Action: consider interaction between error summary and notification banner - should they ever be used together? More generally, observe how users interact with the notification banner in user research - do they skip straight to main content if there is a clear action, or continue to navigate through the page.
The notification banner has title text which uses a heading element. There are examples where you might want to style banner content underneath this (paragraph) so that it looks like a heading. It’s always a bit tricky when elements look like something they’re not. This probably wouldn’t be an issue for screenreader users specifically, but is likely to affect people who change the look of sites with custom stylesheets (or those who have disabled CSS).
Release of notification banner using the experimental label
The notification banner component has been published in the Design System as experimental because more research is needed to validate it.
The notification banner component tells the user about something they need to know about, but that’s not directly related to the page content.
Problems we looked to solve
What we decided and what has changed
How we went about building it
How you can help our ongoing user research
This component is experimental because:
Share your research or feedback by commenting on this issue or propose a change – read more about how to propose changes in GitHub
What an interesting challenge @neil-holroyd and thank you for raising it. Could you help me learn a little bit more about the service and the action in which you want the user to take? I guess you may not have implemented the notification banner component yet but it would be really helpful to get some user research to strengthen this need. If teams are facing a similar design scenario we'd be interested to hear about it too.
Hi @CharlotteDowns, I have been head down in a new project so apologies for the late reply. The service is a caseload management system for NSJSA. This instance occurs when a customer calls and the agent goes to their claim but it is allocated to a different service centre – then they can only do any updates on the case if they allocate it to themselves. Upon doing so the actions for this page will be in view. At the moment this is a prototype and we have done a playback to the user groups. All feedback has been positive overall.
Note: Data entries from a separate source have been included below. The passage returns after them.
(* Let $r\ge 1$ and let $m_1,\dots,m_r,n$ be positive integers with $m=\sum_{i=1}^r m_i\le n$. Let $$h=\max\Big\{k\in\mathbb{Z},\ k\ge 2:\ \frac{m_i n}{k-1}\ge \Big\lceil \frac{m_i n}{k}\Big\rceil \text{ for all } i\in[r]\Big\}.$$ Then $$\chi_{=}(K_{m_1,\dots,m_r}\times K_n)=\sum_{i=1}^r\Big\lceil \frac{m_i n}{h}\Big\rceil .$$
   Context: All graphs are finite, simple and undirected; $[k]=\{1,\dots,k\}$. A (proper) $k$-coloring of $G$ is a map $f:V(G)\to[k]$ with $f(x)\ne f(y)$ whenever $xy\in E(G)$; its color classes are the sets $f^{-1}(i)$. An equitable $k$-coloring is a $k$-coloring in which any two color classes differ in size by at most $1$ (equivalently each class has size $\lfloor |V(G)|/k\rfloor$ or $\lceil |V(G)|/k\rceil$); $G$ is equitably $k$-colorable if it has one. The equitable chromatic number $\chi_{=}(G)$ is the minimum $k$ such that $G$ is equitably $k$-colorable. $K_{m_1,\dots,m_r}$ denotes the complete multipartite graph with parts of sizes $m_1,\dots,m_r$, and $K_n$ the complete graph on $n$ vertices. The Kronecker product $G\times H$ has vertex set $V(G)\times V(H)$, with $(x,y)$ adjacent to $(x',y')$ iff $xx'\in E(G)$ and $yy'\in E(H)$. *)

theory Defs
  imports Complex_Main
begin

text \<open>A finite simple graph is represented by a vertex set V and a symmetric,
irreflexive adjacency relation E (only its restriction to V matters).\<close>

definition proper_coloring :: "'a set \<Rightarrow> ('a \<Rightarrow> 'a \<Rightarrow> bool) \<Rightarrow> nat \<Rightarrow> ('a \<Rightarrow> nat) \<Rightarrow> bool" where
  "proper_coloring V E k f \<longleftrightarrow>
     (\<forall>x\<in>V. f x \<in> {1..k}) \<and> (\<forall>x\<in>V. \<forall>y\<in>V. E x y \<longrightarrow> f x \<noteq> f y)"

definition color_class :: "'a set \<Rightarrow> ('a \<Rightarrow> nat) \<Rightarrow> nat \<Rightarrow> 'a set" where
  "color_class V f i = {x\<in>V. f x = i}"

definition equitably_colorable :: "'a set \<Rightarrow> ('a \<Rightarrow> 'a \<Rightarrow> bool) \<Rightarrow> nat \<Rightarrow> bool" where
  "equitably_colorable V E k \<longleftrightarrow>
     (\<exists>f. proper_coloring V E k f \<and>
        (\<forall>i\<in>{1..k}. \<forall>j\<in>{1..k}. card (color_class V f i) \<le> card (color_class V f j) + 1))"

definition equitable_chromatic_number :: "'a set \<Rightarrow> ('a \<Rightarrow> 'a \<Rightarrow> bool) \<Rightarrow> nat" where
  "equitable_chromatic_number V E = (LEAST k. equitably_colorable V E k)"

text \<open>Complete multipartite graph K_{m_1,...,m_r}, parts indexed 0..r-1 where
ms = [m_1,...,m_r]; vertex (i,j) is the j-th vertex of part i.\<close>

definition cmp_verts :: "nat list \<Rightarrow> (nat \<times> nat) set" where
  "cmp_verts ms = {(i, j). i < length ms \<and> j < ms ! i}"

definition cmp_adj :: "(nat \<times> nat) \<Rightarrow> (nat \<times> nat) \<Rightarrow> bool" where
  "cmp_adj u v \<longleftrightarrow> fst u \<noteq> fst v"

definition complete_verts :: "nat \<Rightarrow> nat set" where
  "complete_verts n = {0..<n}"

definition complete_adj :: "nat \<Rightarrow> nat \<Rightarrow> bool" where
  "complete_adj x y \<longleftrightarrow> x \<noteq> y"

definition kron_verts :: "'a set \<Rightarrow> 'b set \<Rightarrow> ('a \<times> 'b) set" where
  "kron_verts V W = V \<times> W"

definition kron_adj :: "('a \<Rightarrow> 'a \<Rightarrow> bool) \<Rightarrow> ('b \<Rightarrow> 'b \<Rightarrow> bool) \<Rightarrow> ('a \<times> 'b) \<Rightarrow> ('a \<times> 'b) \<Rightarrow> bool" where
  "kron_adj E F u v \<longleftrightarrow> E (fst u) (fst v) \<and> F (snd u) (snd v)"

end

theory Submission
  imports Defs
begin

text \<open>
  Write \<open>N\<^sub>i = m\<^sub>i n\<close> for the size of the i-th part
  \<open>P\<^sub>i\<close> of the product.  A number k \<ge> 2 is admissible if every \<open>N\<^sub>i\<close> splits into
  \<open>\<lceil>N\<^sub>i/k\<rceil>\<close> blocks of size k-1 or k, i.e. \<open>(k-1)\<lceil>N\<^sub>i/k\<rceil> \<le> N\<^sub>i\<close>; h is the largest
  admissible number, and h \<ge> n.

  Upper bound: number the vertices of \<open>P\<^sub>i\<close> by \<open>0,\<dots>,N\<^sub>i-1\<close> (vertex (j,a) gets jn+a) and
  colour by the residue modulo \<open>c\<^sub>i = \<lceil>N\<^sub>i/h\<rceil>\<close>.  Two vertices with equal number mod \<open>c\<^sub>i\<close> in the
  same part differ in the \<open>K\<^sub>n\<close> coordinate or coincide, so this is proper, and every class has
  size h-1 or h.

  Lower bound: in an equitable k-colouring all class sizes lie in [s, s+1].  An independent
  set meeting two parts lies in one \<open>K\<^sub>n\<close>-column, hence has at most m elements; if such a
  class exists then \<open>mn \<le> k(s+1)\<close> with \<open>s \<le> m \<le> n\<close> forces \<open>k \<ge> m \<ge> \<Sum>\<lceil>N\<^sub>i/h\<rceil>\<close>.
  Otherwise every class lies in one part, the \<open>d\<^sub>i\<close> classes inside \<open>P\<^sub>i\<close> show that s+1 is
  admissible (or s = 0), so \<open>s+1 \<le> h\<close>, \<open>N\<^sub>i \<le> d\<^sub>i h\<close> and \<open>\<Sum>\<lceil>N\<^sub>i/h\<rceil> \<le> \<Sum>d\<^sub>i \<le> k\<close>.
\<close>

definition ceil_div :: "nat \<Rightarrow> nat \<Rightarrow> nat" where
  "ceil_div N t = nat \<lceil>real N / real t\<rceil>"

lemma ceil_div_le_iff:
  assumes "0 < t"
  shows "ceil_div N t \<le> d \<longleftrightarrow> N \<le> d * t"
proof -
  have "ceil_div N t \<le> d \<longleftrightarrow> real N / real t \<le> real d"
    unfolding ceil_div_def by (simp add: nat_le_iff ceiling_le_iff)
  also have "\<dots> \<longleftrightarrow> N \<le> d * t"
    using assms by (simp add: divide_le_eq flip: of_nat_mult)
  finally show ?thesis .
qed

lemma le_ceil_div_mult: "0 < t \<Longrightarrow> N \<le> ceil_div N t * t"
  by (simp add: ceil_div_le_iff [symmetric])

lemma ceil_div_pos: "0 < t \<Longrightarrow> 0 < N \<Longrightarrow> 0 < ceil_div N t"
  using le_ceil_div_mult [of t N] by (cases "ceil_div N t") auto

text \<open>\<open>fits k N\<close>: N can be cut into \<open>\<lceil>N/k\<rceil>\<close> blocks, each of size k-1 or k.\<close>

definition fits :: "nat \<Rightarrow> nat \<Rightarrow> bool" where
  "fits k N \<longleftrightarrow> (k - 1) * ceil_div N k \<le> N"

lemma fits_real_iff:
  assumes "2 \<le> k"
  shows "real N / (real k - 1) \<ge> real_of_int \<lceil>real N / real k\<rceil> \<longleftrightarrow> fits k N"
proof -
  have ceil: "real_of_int \<lceil>real N / real k\<rceil> = real (ceil_div N k)"
    unfolding ceil_div_def by simp
  have km1: "real k - 1 = real (k - 1)" and "0 < real (k - 1)" using assms by auto
  then have "real N / (real k - 1) \<ge> real (ceil_div N k)
      \<longleftrightarrow> real ((k - 1) * ceil_div N k) \<le> real N"
    unfolding km1 by (simp add: le_divide_eq mult.commute)
  then show ?thesis unfolding ceil fits_def of_nat_le_iff .
qed

lemma fits_of_blocks:
  assumes "0 < k" and "d * (k - 1) \<le> N" and "N \<le> d * k"
  shows "fits k N"
proof -
  have "ceil_div N k \<le> d" using assms by (simp add: ceil_div_le_iff)
  then have "(k - 1) * ceil_div N k \<le> d * (k - 1)" by (simp add: mult.commute)
  then show ?thesis unfolding fits_def using assms(2) by linarith
qed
At the time of testing we didn't have a UR in place so it was more of a general playback. This summary panel is quite a commonly used mechanism across WA so this may occur across a few services.
In December 2020 the Design System team tested the notification banner, in 8 usability sessions, with users who use assistive technology. We used the Blue Badge journey to test the banner alongside other components and patterns.
We tested with participants who had little or no vision and used screen readers (NVDA and Jaws) and ZoomText. Some participants had dyslexia and used Text-to-Speech and Read and Write Gold.
The success banner read out well for one participant, who was an NVDA user "you heard it say alert successfully added. I didn’t have to do anything which was double confirmation. When they get screen readers to read that out that is doubly handy." Participants had both the completed tag and the success banner to confirm that had added details successfully. P5 expected the success banner after adding contact details.
Second important message (Covid and disposal of blue badge) Most participants missed the second banner. One participant who was a screen reader user skipped straight past the message as she wanted to move on the next task and was going through the headings. Two participants said they missed the additional information when they were asked about it. One participant thought the information inside the banner was in the wrong place and should have had a more prominent place at the end of a journey.